Investigation of dual atom doped single-layer MoS<sub>2</sub> for electrochemical reduction of carbon dioxide by first-principle calculations and machine-learning

Figure 1. The geometric structure of MoS2-M2 and MoS2-M1M2. Some of the adjacent metal atoms will form metal-metal bonds (B and D), while others will not (A and C). The dark cyan and yellow balls represent Mo and S atoms, respectively, and the dark blue and purple balls represent the two TM atoms. TM: Transition metal.

COMPUTATIONAL DETAILS

All the spin-unrestricted DFT calculations are performed in the DMol3 code[60,61]. The exchange-correlation effect is described via the Perdew-Burke-Ernzerhof (PBE)[62] functional of the generalized gradient approximation (GGA)[63]. The double numerical plus polarization (DNP) basis is employed using the DFT semi-core pseudopotential (DSPP) for the core treatment. The van der Waals interaction between CO2RR intermediates and DACs is described by empirical dispersion-corrected DFT (DFT-D3). To simulate the aqueous solvent environment, a conductor-like screening model (COSMO) is adopted[64-66]. In geometric optimization, the convergence threshold of energy is 2 × 10-5 Ha; the maximum displacement is set as 0.005 Å, and the force applied to each atom is 0.004 Ha/Å. A 4 × 4 × 1 rectangular 2H-MoS2 supercell with adjacent double S vacancies was constructed, and a 3 × 3 × 1 Monkhorst-Pack k-mesh was used to sample the Brillouin zone. Moreover, an 18 Å vacuum space was set to avoid interactions of adjacent images. The canonical ensemble (NVT) ab initio molecular dynamics (AIMD) simulations are performed in a Nosé-Hoover thermostat at 300K for five picoseconds (ps) in a time step of one femtosecond (fs).

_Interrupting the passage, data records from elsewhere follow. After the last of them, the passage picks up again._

lemma upper_shadow_star_Un:
  assumes X: "finite X" "i \<notin> X" and F: "F \<subseteq> layer k X" and k: "1 \<le> k" "k \<le> j"
  shows "upper_shadow (insert i X) j ({x \<in> layer k (insert i X). i \<in> x} \<union> F)
       = {y \<in> layer j (insert i X). i \<in> y} \<union> upper_shadow X j F"
proof (intro equalityI subsetI)
  fix y assume "y \<in> upper_shadow (insert i X) j ({x \<in> layer k (insert i X). i \<in> x} \<union> F)"
  then obtain x where y: "y \<in> layer j (insert i X)" "x \<subseteq> y"
      "x \<in> {x \<in> layer k (insert i X). i \<in> x} \<union> F"
    unfolding upper_shadow_def by blast
  show "y \<in> {y \<in> layer j (insert i X). i \<in> y} \<union> upper_shadow X j F"
  proof (cases "i \<in> y")
    case False
    then have "x \<in> F" "y \<in> layer j X" using y unfolding layer_def by auto
    then show ?thesis using y(2) unfolding upper_shadow_def by blast
  qed (use y in blast)
next
  fix y assume "y \<in> {y \<in> layer j (insert i X). i \<in> y} \<union> upper_shadow X j F"
  then show "y \<in> upper_shadow (insert i X) j ({x \<in> layer k (insert i X). i \<in> x} \<union> F)"
  proof
    assume y: "y \<in> {y \<in> layer j (insert i X). i \<in> y}"
    then have "finite y" using X(1) finite_subset[of y "insert i X"] unfolding layer_def by auto
    then obtain x where "{i} \<subseteq> x" "x \<subseteq> y" "card x = k"
      using exists_subset_between[of "{i}" k y] k y unfolding layer_def by auto
    then show ?thesis using y unfolding upper_shadow_def layer_def by auto
  next
    assume "y \<in> upper_shadow X j F"
    then show ?thesis using layer_mono[of X "insert i X" j] unfolding upper_shadow_def by blast
  qed
qed

lemma min_upper_shadows_delete:
  assumes X: "finite X" "i \<notin> X" and L: "L \<subseteq> layer k X" and k: "1 \<le> k"
    and min: "min_upper_shadows (insert i X) k ({x \<in> layer k (insert i X). i \<in> x} \<union> L)"
  shows "min_upper_shadows X k L"
proof (rule min_upper_shadowsI[OF X(1) L])
  fix j L' assume j: "k < j" and L': "L' \<subseteq> layer k X" "card L' = card L"
  let ?S = "\<lambda>l. {x \<in> layer l (insert i X). i \<in> x}"
  have fin: "finite (?S k)" "finite (?S j)" using X(1) finite_layer[of "insert i X"] by simp_all
  have card_S_Un: "card (?S k \<union> F) = card (?S k) + card F" if "F \<subseteq> layer k X" for F
  proof -
    have "finite F" using that finite_layer[OF X(1)] finite_subset by blast
    moreover have "?S k \<inter> F = {}" using that X(2) unfolding layer_def by blast
    ultimately show ?thesis by (simp add: card_Un_disjoint fin(1))
  qed
  have "?S k \<union> L' \<subseteq> layer k (insert i X)" using L'(1) layer_mono[of X "insert i X" k] by blast
  moreover have "card (?S k \<union> L') = card (?S k \<union> L)" using card_S_Un L L' by simp
  ultimately have "card (upper_shadow (insert i X) j (?S k \<union> L))
      \<le> card (upper_shadow (insert i X) j (?S k \<union> L'))"
    using min unfolding min_upper_shadows_def by blast
  moreover have "card (upper_shadow (insert i X) j (?S k \<union> F)) = card (?S j) + card (upper_shadow X j F)"
    if "F \<subseteq> layer k X" for F
  proof -
    have "?S j \<inter> upper_shadow X j F = {}" using X(2) unfolding upper_shadow_def layer_def by blast
    then show ?thesis
      using upper_shadow_star_Un[OF X that k] j card_Un_disjoint[OF fin(2) finite_upper_shadow[OF X(1)]]
      by simp
  qed
  ultimately show "card (upper_shadow X j L) \<le> card (upper_shadow X j L')"
    using L L'(1) by force
qed

lemma min_shadows_link:
  assumes X: "finite X" "i \<notin> X" "Suc m \<le> card X"
    and L: "L \<subseteq> layer (Suc m) (insert i X)" "\<forall>x\<in>L. i \<in> x"
    and up: "min_upper_shadows (insert i X) (Suc m) L"
    and low: "min_lower_shadows (insert i X) (Suc m) (layer (Suc m) (insert i X) - L)"
  obtains L' where "L = insert i ` L'" "L' \<subseteq> layer m X"
    "min_upper_shadows X m L'" "min_lower_shadows X m (layer m X - L')"
proof -
  define L' where "L' = (\<lambda>x. x - {i}) ` L"
  have "(\<lambda>x. insert i (x - {i})) ` L = (\<lambda>x. x) ` L"
    by (rule image_cong) (use L(2) in auto)
  then have L_eq: "L = insert i ` L'" unfolding L'_def image_image by simp
  have L': "L' \<subseteq> layer m X"
  proof
    fix y assume "y \<in> L'"
    then obtain x where x: "x \<in> L" "y = x - {i}" unfolding L'_def by blast
    then have "x \<subseteq> insert i X" "card x = Suc m" "i \<in> x" using L unfolding layer_def by auto
    moreover have "finite x" using \<open>x \<subseteq> insert i X\<close> X(1) finite_subset by blast
    ultimately show "y \<in> layer m X" using x(2) unfolding layer_def by auto
  qed
  have "min_upper_shadows X m L'" using min_upper_shadows_link[OF X(1,2) L'] up L_eq by simp
  moreover have "min_lower_shadows X m (layer m X - L')"
    using min_lower_shadows_link[OF X L'] low L_eq by simp
  ultimately show thesis using that L_eq L' by blast
qed

lemma min_shadows_delete:
  assumes X: "finite X" "i \<notin> X" "1 \<le> k"
    and L: "L \<subseteq> layer k (insert i X)" "\<forall>x\<in>layer k (insert i X) - L. i \<notin> x"
    and up: "min_upper_shadows (insert i X) k L"
    and low: "min_lower_shadows (insert i X) k (layer k (insert i X) - L)"
  obtains L' where "L = {x \<in> layer k (insert i X). i \<in> x} \<union> L'" "L' \<subseteq> layer k X"
    "min_upper_shadows X k L'" "min_lower_shadows X k (layer k X - L')"
proof -
  define L' where "L' = {x \<in> L. i \<notin> x}"
  have L_eq: "L = {x \<in> layer k (insert i X). i \<in> x} \<union> L'" using L unfolding L'_def by blast
  have L': "L' \<subseteq> layer k X" using L(1) unfolding L'_def layer_def by blast
  have compl: "layer k (insert i X) - L = layer k X - L'"
    using L X(2) unfolding L'_def layer_def by blast
  have "min_upper_shadows X k L'" using min_upper_shadows_delete[OF X(1,2) L' X(3)] up L_eq by simp
  moreover have "min_lower_shadows X k (layer k X - L')"
    by (rule min_lower_shadows_mono[OF _ low[unfolded compl]]) blast
  ultimately show thesis using that L_eq L' by blast
qed

lemma min_shadows_reduction [consumes 5]:
  assumes X: "finite X" "Suc m < card X" and L: "L \<subseteq> layer (Suc m) X"
    and up: "min_upper_shadows X (Suc m) L"
    and low: "min_lower_shadows X (Suc m) (layer (Suc m) X - L)"
  obtains (link) i X' L' where "X = insert i X'" "i \<notin> X'" "L = insert i ` L'" "L' \<subseteq> layer m X'"
      "min_upper_shadows X' m L'" "min_lower_shadows X' m (layer m X' - L')"
    | (delete) i X' L' where "X = insert i X'" "i \<notin> X'"
      "L = {x \<in> layer (Suc m) (insert i X'). i \<in> x} \<union> L'" "L' \<subseteq> layer (Suc m) X'"
      "min_upper_shadows X' (Suc m) L'" "min_lower_shadows X' (Suc m) (layer (Suc m) X' - L')"
proof -
  have "X \<noteq> {}" using X(2) by auto
  then obtain i where "i \<in> X" and dich: "(\<forall>x\<in>L. i \<in> x) \<or> (\<forall>x\<in>layer (Suc m) X - L. i \<notin> x)"
    using min_shadows_dichotomy[OF X(1) _ L up low] by blast
  then obtain X' where X': "X = insert i X'" "i \<notin> X'" by (meson mk_disjoint_insert)
  then have "finite X'" using X(1) by simp
  then have "Suc m \<le> card X'" using X(2) X' by simp
  note facts = L[unfolded X'(1)] up[unfolded X'(1)] low[unfolded X'(1)]
  from dich show thesis
  proof
    assume "\<forall>x\<in>L. i \<in> x"
    then obtain L' where "L = insert i ` L'" "L' \<subseteq> layer m X'"
        "min_upper_shadows X' m L'" "min_lower_shadows X' m (layer m X' - L')"
      using min_shadows_link[OF \<open>finite X'\<close> X'(2) \<open>Suc m \<le> card X'\<close> facts(1) _ facts(2,3)] by blast
    then show thesis by (rule link[OF X'])
  next
    assume "\<forall>x\<in>layer (Suc m) X - L. i \<notin> x"
    then obtain L' where "L = {x \<in> layer (Suc m) (insert i X'). i \<in> x} \<union> L'" "L' \<subseteq> layer (Suc m) X'"
        "min_upper_shadows X' (Suc m) L'" "min_lower_shadows X' (Suc m) (layer (Suc m) X' - L')"
      using min_shadows_delete[OF \<open>finite X'\<close> X'(2) _ facts(1) _ facts(2,3)] X'(1) by auto
    then show thesis by (rule delete[OF X'])
  qed
qed

section \<open>Initial segments of the lexicographic order\<close>

lemma lex_less_Min_mem:
  assumes Y: "finite Y" "x \<subseteq> Y" "y \<subseteq> Y" and a: "Min Y \<in> x" and lt: "lex_less y x"
  shows "Min Y \<in> y"
proof (rule ccontr)
  assume "Min Y \<notin> y"
  then have "Min Y \<in> symdiff y x" using a unfolding symdiff_def by blast
  moreover have sub: "symdiff y x \<subseteq> Y" using Y unfolding symdiff_def by blast
  ultimately have "Min (symdiff y x) = Min Y"
  proof (intro Min_eqI)
    show "finite (symdiff y x)" using sub Y(1) finite_subset by blast
    show "Min Y \<le> z" if "z \<in> symdiff y x" for z using that sub Y(1) Min_le by blast
  qed
  then show False using lt \<open>Min Y \<notin> y\<close> unfolding lex_less_def by simp
qed

lemma lex_less_insert_iff:
  assumes "finite x" "finite y" "a \<notin> x" "a \<notin> y"
  shows "lex_less (insert a y) (insert a x) \<longleftrightarrow> lex_less y x"
proof (cases "y = x")
  case False
  have eq: "symdiff (insert a y) (insert a x) = symdiff y x"
    using assms(3,4) unfolding symdiff_def by blast
  have "symdiff y x \<noteq> {}" "finite (symdiff y x)"
    using False assms(1,2) unfolding symdiff_def by auto
  then have "Min (symdiff y x) \<in> symdiff y x" by (rule Min_in[rotated])
  then have "Min (symdiff y x) \<noteq> a" using assms(3,4) unfolding symdiff_def by blast
  moreover have "insert a y \<noteq> insert a x" using False assms(3,4) by (metis insert_ident)
  ultimately show ?thesis using False eq unfolding lex_less_def by simp
qed (simp add: lex_less_def)

lemma lex_initial_subsingleton: "F \<subseteq> layer k Y \<Longrightarrow> layer k Y \<subseteq> {z} \<Longrightarrow> lex_initial Y k F"
  unfolding lex_initial_def lex_less_def by blast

The formation energies of homonuclear and heteronuclear DACs, Ef, are calculated by the following equation[67]:

$$ E_{f}=\frac{1}{N}\left[E_{total }-\left(E_{M o S_{2}}+N \times E_{T M}\right)+N \times E_{c o h}\right] $$

where N represents the number of doped atoms, Etotal is the total energy of DACs, $$ E_{M o S_{2}} $$ denotes the energy of MoS2 substrate with double S vacancies, and Ecoh is the cohesive energy of the dopant.

According to the computational hydrogen electrode (CHE) model[68], the Gibbs free energy change (ΔG) of each elementary reaction step of CO2RR is calculated by ΔG = ΔE + ΔZPE - TΔS, where ΔE is the reaction energy change calculated by DFT calculations, while ΔZPE and TΔS represent the difference in zero-point and entropy change at 298 K. For gas phase molecules, the entropy is derived from the NIST database and details are provided in the Supporting Information [Supplementary Table 1].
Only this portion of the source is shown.